ETL Repository https://github.com/Jmaddalena42/ETL_Project

## Obtain Census Dataset

BigQuery Public Datasets https://cloud.google.com/bigquery/public-data/

### Enable Google Cloud services

Google Cloud Python Service Quick Start https://cloud.google.com/bigquery/docs/quickstarts/quickstart-client-libraries#client-libraries-install-python

### Install Dependencies

$ pip install google.cloud

$ pip install --upgrade google-cloud-bigquery

$ pip install --upgrade google-cloud-storage

### Get Service Account API Credentials

Download Service Account Key

https://console.cloud.google.com/apis/credentials?project=bootcamp-1569375678077&folder&organizationId

Enable BigQuery API

https://console.developers.google.com/apis/api/bigquery-json.googleapis.com/overview?project=bootcamp-1569375678077

### Enable Google Credentials for every session

GOOGLE_APPLICATION_CREDENTIALS must be set:

https://console.cloud.google.com/home/dashboard?cloudshell=true&_ga=2.36182944.-145041138.1573320821&pli=1&project=bootcamp-1569375678077&folder&organizationId

### Get Data from BigQuery

kaggle Reference for BigQuery API

https://www.kaggle.com/sohier/beyond-queries-exploring-the-bigquery-api

In [1]:
# Constants

# Google service credentials file
service_account_json = "C:/Users/janin/OneDrive/Documents/GitHub/Bootcamp-7917e2b029b4.json"
# BigQueryPublic data file
PROJECT_ID = 'bigquery-public-data' # All BigQuery public datasets use this project ID
dataset = 'census_bureau_international' # Name of the dataset we're interested in

In [2]:
# Dependencies to be able to get data from Google BigQuery
from google.cloud import bigquery
bigquery_client = bigquery.Client(project=PROJECT_ID)
print(bigquery_client)
from google.cloud import storage
storage_client = storage.Client(project=PROJECT_ID)
print(storage_client)

<google.cloud.bigquery.client.Client object at 0x0000022316465710>
<google.cloud.storage.client.Client object at 0x000002231642E5F8>


In [3]:
# Get dataset reference
census_dataset_ref = bigquery_client.dataset(dataset, project=PROJECT_ID)
census_dataset_ref

DatasetReference('bigquery-public-data', 'census_bureau_international')

In [4]:
# Get dataset
census_dset = bigquery_client.get_dataset(census_dataset_ref)
census_dset

Dataset(DatasetReference('bigquery-public-data', 'census_bureau_international'))

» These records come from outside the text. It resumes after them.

theorem mainTheorem4:
  fixes p1 p2 :: "real poly poly"
  assumes "p1 \<noteq> 0"
    and "total_degree p2 \<le> total_degree p1 + 1"
    and "\<not> has_multiple_factor p1"
  shows "\<exists>\<epsilon>0>0. \<forall>\<epsilon>::real. \<bar>\<epsilon>\<bar> < \<epsilon>0 \<longrightarrow>
           \<not> has_multiple_factor (p1 + smult [:\<epsilon>:] p2)"
proof (rule ccontr)
  assume "\<not> ?thesis"
  moreover have "0 < 1 / real (Suc n)" for n
    by simp
  ultimately have "\<exists>\<epsilon>. \<bar>\<epsilon>\<bar> < 1 / real (Suc n) \<and> has_multiple_factor (p1 + smult [:\<epsilon>:] p2)" for n
    by blast
  then obtain e where e: "\<And>n. \<bar>e n\<bar> < 1 / real (Suc n)"
    and mf: "\<And>n. has_multiple_factor (p1 + smult [:e n:] p2)"
    by metis
  have "e \<longlonglongrightarrow> 0"
    by (rule LIMSEQ_norm_0) (use e in \<open>auto intro: less_imp_le\<close>)
  then have lim: "coeffwise_tendsto (\<lambda>n. p1 + smult [:e n:] p2) p1"
    by (rule coeffwise_tendsto_perturbation)
  have deg: "total_degree (p1 + smult [:e n:] p2) \<le> total_degree p1 + 1" for n
    using total_degree_smult_le[of "e n" p2] assms(2)
    by (intro total_degree_add_le) simp_all
  have "has_multiple_factor p1"
    using lim assms(1) deg mf by (rule has_multiple_factor_of_limit)
  with assms(3) show False ..
qed

end
(* Let $h\ge0$, let $m\in U$ and let $(u_{\alpha,\beta})_{\alpha+\beta\le h}$ be an element of $R_h$ at $m$. Put $v^{(k)}:=u_{0,k}$ for $0\le k\le h$. Then the whole element is determined by $v^{(0)},\dots,v^{(h)}$; more precisely, for all $\alpha+\beta\le h$, $$u_{\alpha,\beta}=\sum_{k=0}^{\alpha+\beta}E^k_{\alpha,\beta}\,v^{(k)},$$ where the $(d-2)\times(d-2)$ matrices $E^k_{\alpha,\beta}$ depend only on $M$ and its partial derivatives and are determined by $E^k_{0,k}=\mathrm{Id}_{d-2}$, $E^{h'}_{0,k}=0$ for $h'<k$, the convention $E^{h'}_{\gamma,\delta}=0$ if $h'>\gamma+\delta$, and the recursion (on $\alpha+\beta$, then on $\alpha$ for fixed $\alpha+\beta$) $$E^{h'}_{\alpha+1,\beta}=-(J_0I^0)\,E^{h'}_{\alpha,\beta+1}+\sum_{\gamma=0}^{\alpha}\sum_{\delta=0}^{\beta}(J_0M^{\gamma,\delta}_{\alpha,\beta})\,E^{h'}_{\gamma,\delta}.$$
   Context: Let $d\ge 3$, $U\subset\mathbb{C}^2$ open with coordinates $(x,y)$, and let $M$ be the $(d-1)\times(d-2)$ matrix of holomorphic functions on $U$ defined as follows. Let $F(x,y,p)=\sum_{i=0}^d a_i(x,y)p^{d-i}$, $a_i$ holomorphic, $a_0\equiv1$, with $F=\prod_{i=1}^d(p-p_i(x,y))$, the $p_i$ holomorphic and pairwise distinct at every point. A polynomial $P=\sum_{i=0}^kg_ip^i$ is identified with $(g_0,\dots,g_k)^T$; $M(P)$ is the $(h+k+1)\times(h+1)$ multiplication matrix with $0$-based entry $(i,j)$ equal to $g_{i-j}$ if $0\le i-j\le k$, else $0$. Put $K=F'_x+pF'_y$, $H=KF''_{pp}-K'_pF'_p$, $L=KF'_p$; take $M(F)$ of size $(3d-3)\times(2d-3)$, $M((F'_p)^2)$ of size $(3d-3)\times(d-1)$, $M(L),M(H)$ of size $(3d-3)\times(d-2)$. For a matrix $X$ with $3d-3$ rows, $X^+$ (resp. $X^-$) is the submatrix of its first $d$ (resp. last $2d-3$) rows. $N$ is the $(d-2)\times(d-2)$ matrix with only nonzero entries $N_{j,j+1}=j$ ($1\le j\le d-3$, 1-based). $B=M^+((F'_p)^2)-M^+(F)(M^-(F))^{-1}M^-((F'_p)^2)$ (rank $d-1$), $E=(M^+(H)-M^+(L)N)-M^+(F)(M^-(F))^{-1}(M^-(H)-M^-(L)N)$, $T$ a left inverse of $B$, and $M=-TE$. $I_0$ (resp. $I^0$) is the $(d-1)\times(d-2)$ matrix formed by $\mathrm{Id}_{d-2}$ followed by (resp. preceded by) a zero row. $J_0$ is the $(d-2)\times(d-1)$ matrix obtained by adding a column of zeros to the right of $\mathrm{Id}_{d-2}$. $M'_{a,b}$ denotes $\partial^{a+b}M/\partial x^a\partial y^b$ and $M^{\gamma,\delta}_{\alpha,\beta}:=\binom{\alpha}{\gamma}\binom{\beta}{\delta}M'_{\alpha-\gamma,\beta-\delta}$. $R_h$ (formal abelian relations of order $h$): its fiber at $m\in U$ is the set of families $(u_{\alpha,\beta})_{\alpha+\beta\le h}$ of vectors in $\mathbb{C}^{d-2}$ such that for all $\alpha,\beta\ge0$ with $\alpha+\beta\le h-1$: $$I_0u_{\alpha+1,\beta}+I^0u_{\alpha,\beta+1}=\sum_{\gamma=0}^\alpha\sum_{\delta=0}^\beta M^{\gamma,\delta}_{\alpha,\beta}(m)\,u_{\gamma,\delta}$$ (the equations obtained by differentiating $\alpha$ times in $x$ and $\beta$ times in $y$ the system $I_0r'_x+I^0r'_y=Mr$). *)

theory Defs
  imports "Jordan_Normal_Form.Matrix" "HOL-Analysis.Derivative" "HOL-Computational_Algebra.Polynomial"
begin

type_synonym cfun = "complex \<times> complex \<Rightarrow> complex"

definition pdx :: "cfun \<Rightarrow> cfun" where
  "pdx f z = deriv (\<lambda>t. f (t, snd z)) (fst z)"
definition pdy :: "cfun \<Rightarrow> cfun" where
  "pdy f z = deriv (\<lambda>t. f (fst z, t)) (snd z)"

text \<open>Holomorphic in two variables (Osgood: continuous and separately holomorphic).\<close>
definition holo2 :: "(complex \<times> complex) set \<Rightarrow> cfun \<Rightarrow> bool" where
  "holo2 U f \<longleftrightarrow> continuous_on U f \<and>
     (\<forall>z\<in>U. (\<lambda>t. f (t, snd z)) field_differentiable at (fst z) \<and>
             (\<lambda>t. f (fst z, t)) field_differentiable at (snd z))"

definition Fpoly :: "nat \<Rightarrow> (nat \<Rightarrow> cfun) \<Rightarrow> complex \<times> complex \<Rightarrow> complex poly" where
  "Fpoly d a z = (\<Sum>i\<le>d. monom (a i z) (d - i))"
definition Fxpoly :: "nat \<Rightarrow> (nat \<Rightarrow> cfun) \<Rightarrow> complex \<times> complex \<Rightarrow> complex poly" where
  "Fxpoly d a z = (\<Sum>i\<le>d. monom (pdx (a i) z) (d - i))"
definition Fypoly :: "nat \<Rightarrow> (nat \<Rightarrow> cfun) \<Rightarrow> complex \<times> complex \<Rightarrow> complex poly" where
  "Fypoly d a z = (\<Sum>i\<le>d. monom (pdy (a i) z) (d - i))"
definition Kpoly :: "nat \<Rightarrow> (nat \<Rightarrow> cfun) \<Rightarrow> complex \<times> complex \<Rightarrow> complex poly" where
  "Kpoly d a z = Fxpoly d a z + [:0, 1:] * Fypoly d a z"
definition Hpoly :: "nat \<Rightarrow> (nat \<Rightarrow> cfun) \<Rightarrow> complex \<times> complex \<Rightarrow> complex poly" where
  "Hpoly d a z = Kpoly d a z * pderiv (pderiv (Fpoly d a z))
                 - pderiv (Kpoly d a z) * pderiv (Fpoly d a z)"
definition Lpoly :: "nat \<Rightarrow> (nat \<Rightarrow> cfun) \<Rightarrow> complex \<times> complex \<Rightarrow> complex poly" where
  "Lpoly d a z = Kpoly d a z * pderiv (Fpoly d a z)"

definition mulmat :: "nat \<Rightarrow> nat \<Rightarrow> complex poly \<Rightarrow> complex mat" where
  "mulmat r c P = Matrix.mat r c (\<lambda>(i, j). if j \<le> i then coeff P (i - j) else 0)"

definition topm :: "nat \<Rightarrow> complex mat \<Rightarrow> complex mat" where
  "topm d X = Matrix.mat d (dim_col X) (\<lambda>(i, j). X $$ (i, j))"
definition botm :: "nat \<Rightarrow> complex mat \<Rightarrow> complex mat" where
  "botm d X = Matrix.mat (2 * d - 3) (dim_col X) (\<lambda>(i, j). X $$ (i + d, j))"

definition minv :: "nat \<Rightarrow> complex mat \<Rightarrow> complex mat" where
  "minv n A = (SOME X. X \<in> carrier_mat n n \<and> A * X = 1\<^sub>m n \<and> X * A = 1\<^sub>m n)"

definition Nmat :: "nat \<Rightarrow> complex mat" where
  "Nmat d = Matrix.mat (d - 2) (d - 2) (\<lambda>(i, j). if j = i + 1 then of_nat (i + 1) else 0)"

definition MF :: "nat \<Rightarrow> (nat \<Rightarrow> cfun) \<Rightarrow> complex \<times> complex \<Rightarrow> complex mat" where
  "MF d a z = mulmat (3 * d - 3) (2 * d - 3) (Fpoly d a z)"
definition MFp2 :: "nat \<Rightarrow> (nat \<Rightarrow> cfun) \<Rightarrow> complex \<times> complex \<Rightarrow> complex mat" where
  "MFp2 d a z = mulmat (3 * d - 3) (d - 1) ((pderiv (Fpoly d a z))\<^sup>2)"
definition MLm :: "nat \<Rightarrow> (nat \<Rightarrow> cfun) \<Rightarrow> complex \<times> complex \<Rightarrow> complex mat" where
  "MLm d a z = mulmat (3 * d - 3) (d - 2) (Lpoly d a z)"
definition MHm :: "nat \<Rightarrow> (nat \<Rightarrow> cfun) \<Rightarrow> complex \<times> complex \<Rightarrow> complex mat" where
  "MHm d a z = mulmat (3 * d - 3) (d - 2) (Hpoly d a z)"

definition Bmat :: "nat \<Rightarrow> (nat \<Rightarrow> cfun) \<Rightarrow> complex \<times> complex \<Rightarrow> complex mat" where
  "Bmat d a z = topm d (MFp2 d a z)
     - topm d (MF d a z) * minv (2 * d - 3) (botm d (MF d a z)) * botm d (MFp2 d a z)"
definition Emat :: "nat \<Rightarrow> (nat \<Rightarrow> cfun) \<Rightarrow> complex \<times> complex \<Rightarrow> complex mat" where
  "Emat d a z = (topm d (MHm d a z) - topm d (MLm d a z) * Nmat d)
     - topm d (MF d a z) * minv (2 * d - 3) (botm d (MF d a z))
       * (botm d (MHm d a z) - botm d (MLm d a z) * Nmat d)"

text \<open>The matrix M = -T E, for a left inverse T of B.\<close>
definition Mmat :: "nat \<Rightarrow> (nat \<Rightarrow> cfun) \<Rightarrow> (complex \<times> complex \<Rightarrow> complex mat)
    \<Rightarrow> complex \<times> complex \<Rightarrow> complex mat" where
  "Mmat d a T z = - (T z * Emat d a z)"

definition Mder :: "nat \<Rightarrow> (nat \<Rightarrow> cfun) \<Rightarrow> (complex \<times> complex \<Rightarrow> complex mat)
    \<Rightarrow> nat \<Rightarrow> nat \<Rightarrow> complex \<times> complex \<Rightarrow> complex mat" where
  "Mder d a T \<alpha> \<beta> z = Matrix.mat (d - 1) (d - 2)
     (\<lambda>(i, j). (pdx ^^ \<alpha>) ((pdy ^^ \<beta>) (\<lambda>w. Mmat d a T w $$ (i, j))) z)"

definition Mcoef :: "nat \<Rightarrow> (nat \<Rightarrow> cfun) \<Rightarrow> (complex \<times> complex \<Rightarrow> complex mat)
    \<Rightarrow> complex \<times> complex \<Rightarrow> nat \<Rightarrow> nat \<Rightarrow> nat \<Rightarrow> nat \<Rightarrow> complex mat" where
  "Mcoef d a T z \<gamma> \<delta> \<alpha> \<beta> =
     of_nat ((\<alpha> choose \<gamma>) * (\<beta> choose \<delta>)) \<cdot>\<^sub>m Mder d a T (\<alpha> - \<gamma>) (\<beta> - \<delta>) z"

definition I_low :: "nat \<Rightarrow> complex mat" where
  "I_low d = Matrix.mat (d - 1) (d - 2) (\<lambda>(i, j). if i = j then 1 else 0)"
definition I_up :: "nat \<Rightarrow> complex mat" where
  "I_up d = Matrix.mat (d - 1) (d - 2) (\<lambda>(i, j). if i = j + 1 then 1 else 0)"
definition J0 :: "nat \<Rightarrow> complex mat" where
  "J0 d = Matrix.mat (d - 2) (d - 1) (\<lambda>(i, j). if i = j then 1 else 0)"

definition vsum :: "nat \<Rightarrow> ('b \<Rightarrow> complex Matrix.vec) \<Rightarrow> 'b set \<Rightarrow> complex Matrix.vec" where
  "vsum n f S = Matrix.vec n (\<lambda>i. \<Sum>s\<in>S. vec_index (f s) i)"
definition msum :: "nat \<Rightarrow> nat \<Rightarrow> ('b \<Rightarrow> complex mat) \<Rightarrow> 'b set \<Rightarrow> complex mat" where
  "msum n k f S = Matrix.mat n k (\<lambda>(i, j). \<Sum>s\<in>S. f s $$ (i, j))"

lemma msum_cong [fundef_cong]:
  "S = S' \<Longrightarrow> (\<And>x. x \<in> S' \<Longrightarrow> f x = g x) \<Longrightarrow> msum n k f S = msum n k g S'"
  unfolding msum_def by (auto intro!: sum.cong)

definition in_Rh :: "nat \<Rightarrow> (nat \<Rightarrow> cfun) \<Rightarrow> (complex \<times> complex \<Rightarrow> complex mat)
    \<Rightarrow> nat \<Rightarrow> complex \<times> complex \<Rightarrow> (nat \<Rightarrow> nat \<Rightarrow> complex Matrix.vec) \<Rightarrow> bool" where
  "in_Rh d a T h m u \<longleftrightarrow>
     (\<forall>\<alpha> \<beta>. \<alpha> + \<beta> \<le> h \<longrightarrow> u \<alpha> \<beta> \<in> carrier_vec (d - 2)) \<and>
     (\<forall>\<alpha> \<beta>. \<alpha> + \<beta> + 1 \<le> h \<longrightarrow>
        I_low d *\<^sub>v u (\<alpha> + 1) \<beta> + I_up d *\<^sub>v u \<alpha> (\<beta> + 1) =
        vsum (d - 1) (\<lambda>(\<gamma>, \<delta>). Mcoef d a T m \<gamma> \<delta> \<alpha> \<beta> *\<^sub>v u \<gamma> \<delta>) ({0..\<alpha>} \<times> {0..\<beta>}))"
(* Let $\mathcal{H}$ be a complex separable Hilbert space and let $T = MN - NM$ where $M, N \in \mathcal{B}(\mathcal{H})$ satisfy $M^2 = 0 = N^2$. Then (a) every connected component of $\sigma(T)$ intersects $\sigma(-T)$; (b) every connected component of $\sigma_e(T)$ intersects $\sigma_e(-T)$.
   Context: $\sigma_e(T)$ denotes the essential spectrum of $T$, i.e. the spectrum of the image of $T$ in the Calkin algebra $\mathcal{B}(\mathcal{H})/\mathcal{K}(\mathcal{H})$. *)

theory Defs
  imports "HOL-Analysis.Analysis"
begin

text \<open>HOL-Analysis only provides real inner product spaces. A complex Hilbert space is
 a Banach space (complete normed space, whose real scalar multiplication is the restriction
 of the complex one) with a complex scalar multiplication and a complex inner product
 (conjugate-linear in the first argument) inducing the norm.\<close>

class complex_hilbert_space = banach +
  fixes scaleC :: "complex \<Rightarrow> 'a \<Rightarrow> 'a" (infixr "*\<^sub>C" 75)
    and cinner :: "'a \<Rightarrow> 'a \<Rightarrow> complex"
  assumes scaleC_add_right: "a *\<^sub>C (x + y) = a *\<^sub>C x + a *\<^sub>C y"
    and scaleC_add_left: "(a + b) *\<^sub>C x = a *\<^sub>C x + b *\<^sub>C x"
    and scaleC_scaleC: "a *\<^sub>C (b *\<^sub>C x) = (a * b) *\<^sub>C x"
    and scaleC_one: "1 *\<^sub>C x = x"
    and scaleR_scaleC: "r *\<^sub>R x = complex_of_real r *\<^sub>C x"
    and cinner_commute: "cinner x y = cnj (cinner y x)"
    and cinner_add_left: "cinner (x + y) z = cinner x z + cinner y z"
    and cinner_scaleC_left: "cinner (a *\<^sub>C x) y = cnj a * cinner x y"
    and norm_cinner: "norm x = sqrt (Re (cinner x x))"

definition separable_space :: "'a::topological_space itself \<Rightarrow> bool" where
  "separable_space _ \<longleftrightarrow> (\<exists>D::'a set. countable D \<and> closure D = UNIV)"

definition bounded_clinear :: "('a::complex_hilbert_space \<Rightarrow> 'a) \<Rightarrow> bool" where
  "bounded_clinear T \<longleftrightarrow> bounded_linear T \<and> (\<forall>c x. T (c *\<^sub>C x) = c *\<^sub>C T x)"

definition compact_op :: "('a::complex_hilbert_space \<Rightarrow> 'a) \<Rightarrow> bool" where
  "compact_op K \<longleftrightarrow> bounded_clinear K \<and> compact (closure (K ` ball 0 1))"

definition op_spectrum :: "('a::complex_hilbert_space \<Rightarrow> 'a) \<Rightarrow> complex set" where
  "op_spectrum T = {l. \<not> (\<exists>S. bounded_clinear S \<and>
      (\<forall>x. S (T x - l *\<^sub>C x) = x) \<and> (\<forall>x. T (S x) - l *\<^sub>C S x = x))}"

text \<open>Essential spectrum: spectrum of the image of T in the Calkin algebra B(H)/K(H).
  The class of T - \<lambda> is invertible in B(H)/K(H) iff there is S in B(H) with
  S(T - \<lambda>) - I and (T - \<lambda>)S - I compact (every element of the quotient lifts to B(H)).\<close>
definition ess_spectrum :: "('a::complex_hilbert_space \<Rightarrow> 'a) \<Rightarrow> complex set" where
  "ess_spectrum T = {l. \<not> (\<exists>S. bounded_clinear S \<and>
      compact_op (\<lambda>x. S (T x - l *\<^sub>C x) - x) \<and>
      compact_op (\<lambda>x. T (S x) - l *\<^sub>C S x - x))}"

To resolve  403 error, enabled BigQuery API at https://console.developers.google.com/apis/library/bigquery-json.googleapis.com?project=bootcamp-1569375678077&pli=1.

Example error:

Forbidden: 403 GET https://bigquery.googleapis.com/bigquery/v2/projects/bigquery-public-data/datasets/census_bureau_international: BigQuery API has not been used in project 488912422205 before or it is disabled. Enable it by visiting https://console.developers.google.com/apis/api/bigquery-json.googleapis.com/overview?project=488912422205 then retry. If you enabled this API recently, wait a few minutes for the action to propagate to our systems and retry.

In [5]:
# List tables in the dataset
print("Tables:")
tables = []
for table in bigquery_client.list_tables(census_dset):
    table_id = table.table_id
    if len(table_id)>0:
        tables.append(table_id)
        print(table_id)

Tables:
age_specific_fertility_rates
birth_death_growth_rates
country_names_area
midyear_population
midyear_population_5yr_age_sex
midyear_population_age_sex
midyear_population_agespecific
mortality_life_expectancy


In [6]:
# Limit tables and get commands
desired_tables  = ['birth_death_growth_rates',
                  'country_names_area',
                  'midyear_population',
                  'mortality_life_expectancy']
print('Tables:')
census_tables = []
for table in desired_tables:
    census_table = bigquery_client.get_table(census_dset.table(table))
    print(census_table.table_id)
    census_tables.append(census_table)
print()
print("Table Commands:")
census_commands = [command for command in dir(census_tables[0]) if not command.startswith('_')]
print(census_commands)
print()
print("Schema Commands:")
schema_commands = [command for command in dir(census_tables[0].schema[0]) if not command.startswith('_')]
print(schema_commands)

Tables:
birth_death_growth_rates
country_names_area
midyear_population
mortality_life_expectancy

Table Commands:
['clustering_fields', 'created', 'dataset_id', 'description', 'encryption_configuration', 'etag', 'expires', 'external_data_configuration', 'friendly_name', 'from_api_repr', 'from_string', 'full_table_id', 'labels', 'location', 'modified', 'num_bytes', 'num_rows', 'partition_expiration', 'partitioning_type', 'path', 'project', 'reference', 'require_partition_filter', 'schema', 'self_link', 'streaming_buffer', 'table_id', 'table_type', 'time_partitioning', 'to_api_repr', 'to_bqstorage', 'view_query', 'view_use_legacy_sql']

Schema Commands:
['description', 'field_type', 'fields', 'from_api_repr', 'is_nullable', 'mode', 'name', 'to_api_repr', 'to_standard_sql']


In [7]:
# Get Table Schemas
print('Schemas')
for census_table in census_tables:
    print()
    print('__________________________________________________________________________________________________')
    print(f"Table: {census_table.table_id}")
    print('__________________________________________________________________________________________________')
    for schema_field in census_table.schema:
        print(f"{schema_field.name} {schema_field.field_type} {schema_field.description}")        

Schemas

__________________________________________________________________________________________________
Table: birth_death_growth_rates
__________________________________________________________________________________________________
country_code STRING Federal Information Processing Standard (FIPS) country/area code
country_name STRING Country or area name
year INTEGER Year
crude_birth_rate FLOAT Crude birth rate (births per 1,000 population)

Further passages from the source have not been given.